# to Wordreference (verb)



## Encolpius

Good morning ladies & gentlemen, I think, in some language it is easy to coin a verb from any noun,  so I am curious how would you coin a verb from this forum/website we are using right now. The meaning & some interesting comments about the verb are here. 
So can you coin a verb from "Wordreference" easily? And what would it be? And how about a sentence like this: 
to Wordreference - She has been Wordreferencing all night again. 

*Hungarian*: wordreferencezik [kiejtés: vördreferencezik] - Megint egész éjjel wordreferencezett. 

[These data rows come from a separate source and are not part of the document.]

lemma variance_cond_exp_diff_le:
  assumes pos: "\<forall>a\<in>{1..h}. ns a > 0"
  defines "N \<equiv> \<Sum>a=1..h. ns a"
  shows "measure_pmf.variance (pmf_of_set (multiset_perms h ns)) (cond_exp_diff h ns)
           \<le> N * (384 * (real N)\<^sup>2 / (real (N - 1) * Zconst h ns))\<^sup>2"
proof -
  define M where "M = (\<Sum>a\<in>{1..h}. replicate_mset (ns a) a)"
  define L where "L = 384 * (real N)\<^sup>2 / (real (N - 1) * Zconst h ns)"
  have S: "multiset_perms h ns = permutations_of_multiset M"
    unfolding M_def by (rule multiset_perms_eq)
  have "size M = N"
    by (simp add: M_def N_def)
  have "\<bar>cond_exp_diff h ns (swap_pos xs p q) - cond_exp_diff h ns xs\<bar> \<le> L"
    if xs: "mset xs = M" and "p < size M" "q < size M" for xs p q
  proof -
    have len: "length xs = N" "p < length xs" "q < length xs"
      using that \<open>size M = N\<close> by (auto simp flip: xs)
    have "set ys \<subseteq> {1..h}" if "mset ys = M" for ys
      using that S by (auto simp: multiset_perms_def permutations_of_multiset_def)
    then have "set xs \<subseteq> {1..h}" "set (swap_pos xs p q) \<subseteq> {1..h}"
      using xs len by simp_all
    then have "\<bar>cond_exp_diff h ns (swap_pos xs p q) - cond_exp_diff h ns xs\<bar>
        = \<bar>total_des_change (swap_pos xs p q) - total_des_change xs\<bar> / (real (N - 1) * Zconst h ns)"
      using len Zconst_nonneg[of h ns]
      by (simp add: cond_exp_diff_eq[OF _ pos] diff_divide_distrib[symmetric] abs_divide)
    also have "\<dots> \<le> L"
      unfolding L_def using total_des_change_swap_pos_le[of p xs q] len Zconst_nonneg[of h ns]
      by (simp add: divide_right_mono)
    finally show ?thesis .
  qed
  then have "sum_sq_dev (permutations_of_multiset M) (cond_exp_diff h ns)
      \<le> real (card (permutations_of_multiset M)) * size M * L\<^sup>2"
    by (rule sum_sq_dev_permutations_of_multiset_le)
  then show ?thesis
    unfolding S using \<open>size M = N\<close>
    by (simp add: variance_pmf_of_set L_def card_gt_0_iff divide_le_eq mult.commute mult.left_commute)
qed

Thanks for your kind cooperation and I wish you a happy and sunny weekend. 
Encolpius


----------



## jazyk

In Portuguese we could form wordreferenciar, with the - ar suffix indicating the infinitive. It would be a first conjugation verb: eu wordreferencio, nós wordreferenciamos, se eu wordreferenciasse, para vós wordereferenciardes, etc., but I doubt anybody would use it.


----------



## Encolpius

jazyk said:


> ...but I doubt anybody would use it.



Oh, you have used it.


----------



## jazyk

No, I showed what it would be like. That monster would never cross my lips.


----------



## Encolpius

Why do you think  wordreferenciar  is a monster?


----------



## jazyk

Because it is too long, it becomes even longer when it is conjugated, and nobody would feel the need for such a verb.


----------



## Circunflejo

In Spanish, the verb would be similar to that in Portuguese: wordreferencear.


----------



## merquiades

Circunflejo said:


> In Spanish, the verb would be similar to that in Portuguese: wordreferencear.


hacer una buscavocablos, consultavocablos?


----------



## Circunflejo

merquiades said:


> hacer una buscavocablos, consultavocablos?

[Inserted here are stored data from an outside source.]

(* Let $(H_0,h_1,r)$ be a form bilinear quantum control system and let $S$ be a connectedness chain for $(H_0,h_1,r)$. For any approximating family $\{h_1^{(n)}\}_{n\in\mathbb{N}}$ there is an approximating family $\{\tilde h_1^{(n)}\}_{n\in\mathbb{N}}$ such that, for every $n$, $(H_0,\tilde h_1^{(n)},r)$ admits $S$ as a connectedness chain. Moreover, if $\{h_1^{(n)}\}$ is regular, then $\{\tilde h_1^{(n)}\}$ is also regular.
   Context: $\mathcal{H}$ complex separable Hilbert space; $H_0\ge0$ self-adjoint, closed form $h_0$ on form domain $\mathcal{H}^+$, $\|\Psi\|_+=\sqrt{h_0(\Psi,\Psi)+\|\Psi\|^2}$. A form bilinear quantum control system is a triple $(H_0,h_1,r)$: $H_0$ nonnegative self-adjoint with form domain $\mathcal{H}^+$; an orthonormal basis $\{\Phi_k\}$ of eigenvectors of $H_0$; $h_1$ a Hermitian form on $\mathcal{H}^+$ with $|h_1(\Phi,\Phi)|\le a h_0(\Phi,\Phi)+b\|\Phi\|^2$ ($a>0,b\ge0$); $r\in(0,1/a)$. A connectedness chain for a system with perturbation form $g$ is $S\subset\mathbb{N}^2$ such that for all $(j,\ell)$ there is a finite sequence $(j,s_1),(s_1,s_2),\dots,(s_k,\ell)\in S$ with $g(\Phi_j,\Phi_{s_1}),\dots,g(\Phi_{s_k},\Phi_\ell)$ all nonzero. An approximating family for $(H_0,h_1,r)$ is a sequence of $h_0$-bounded forms $h_1^{(n)}\ne h_1$ on $\mathcal{H}^+$ with $\sup_{\Psi,\Phi\ne0}|h_1(\Psi,\Phi)-h_1^{(n)}(\Psi,\Phi)|/(\|\Psi\|_+\|\Phi\|_+)\to0$; it is regular if there exist symmetric operators $H_1^{(n)}$ on $\mathcal{H}$, $\operatorname{dom}H_1^{(n)}\subset\mathcal{H}^+$, with $h_1^{(n)}(\Psi,\Phi)=\langle\Psi,H_1^{(n)}\Phi\rangle$ for $\Psi\in\mathcal{H}^+$, $\Phi\in\operatorname{dom}H_1^{(n)}$, all $\Phi_j\in\operatorname{dom}H_1^{(n)}$, and $H_0+uH_1^{(n)}$ essentially self-adjoint on $\operatorname{span}\{\Phi_j\}$ for every $u\in[0,r)$. *)

theory Defs
  imports "HOL-Analysis.Analysis"
begin

text \<open>Inner product is conjugate-linear in the first and linear in the second argument
  (physics convention, matching \<open>\<langle>\<Psi>, H \<Phi>\<rangle>\<close>).\<close>

class complex_inner = ab_group_add +
  fixes hscale :: "complex \<Rightarrow> 'a \<Rightarrow> 'a"
  fixes cinner :: "'a \<Rightarrow> 'a \<Rightarrow> complex"
  assumes hscale_add_right: "hscale a (x + y) = hscale a x + hscale a y"
    and hscale_add_left: "hscale (a + b) x = hscale a x + hscale b x"
    and hscale_hscale: "hscale a (hscale b x) = hscale (a * b) x"
    and hscale_one: "hscale 1 x = x"
    and cinner_add_right: "cinner x (y + z) = cinner x y + cinner x z"
    and cinner_hscale_right: "cinner x (hscale a y) = a * cinner x y"
    and cinner_commute: "cinner y x = cnj (cinner x y)"
    and cinner_self_nonneg: "0 \<le> Re (cinner x x)"
    and cinner_self_eq_zero: "cinner x x = 0 \<longleftrightarrow> x = 0"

We would need to decide what's the meaning of to wordreference. To search at the WR dictionary? To learn a language? To ask/answer in the forum(s)? To make a WR dictionary? To make the WR searching feature?...


----------



## merquiades

Circunflejo said:


> We would need to decide what's the meaning of to wordreference. To search at the WR dictionary? To learn a language? To ask/answer in the forum(s)? To make a WR dictionary? To make the WR searching feature?...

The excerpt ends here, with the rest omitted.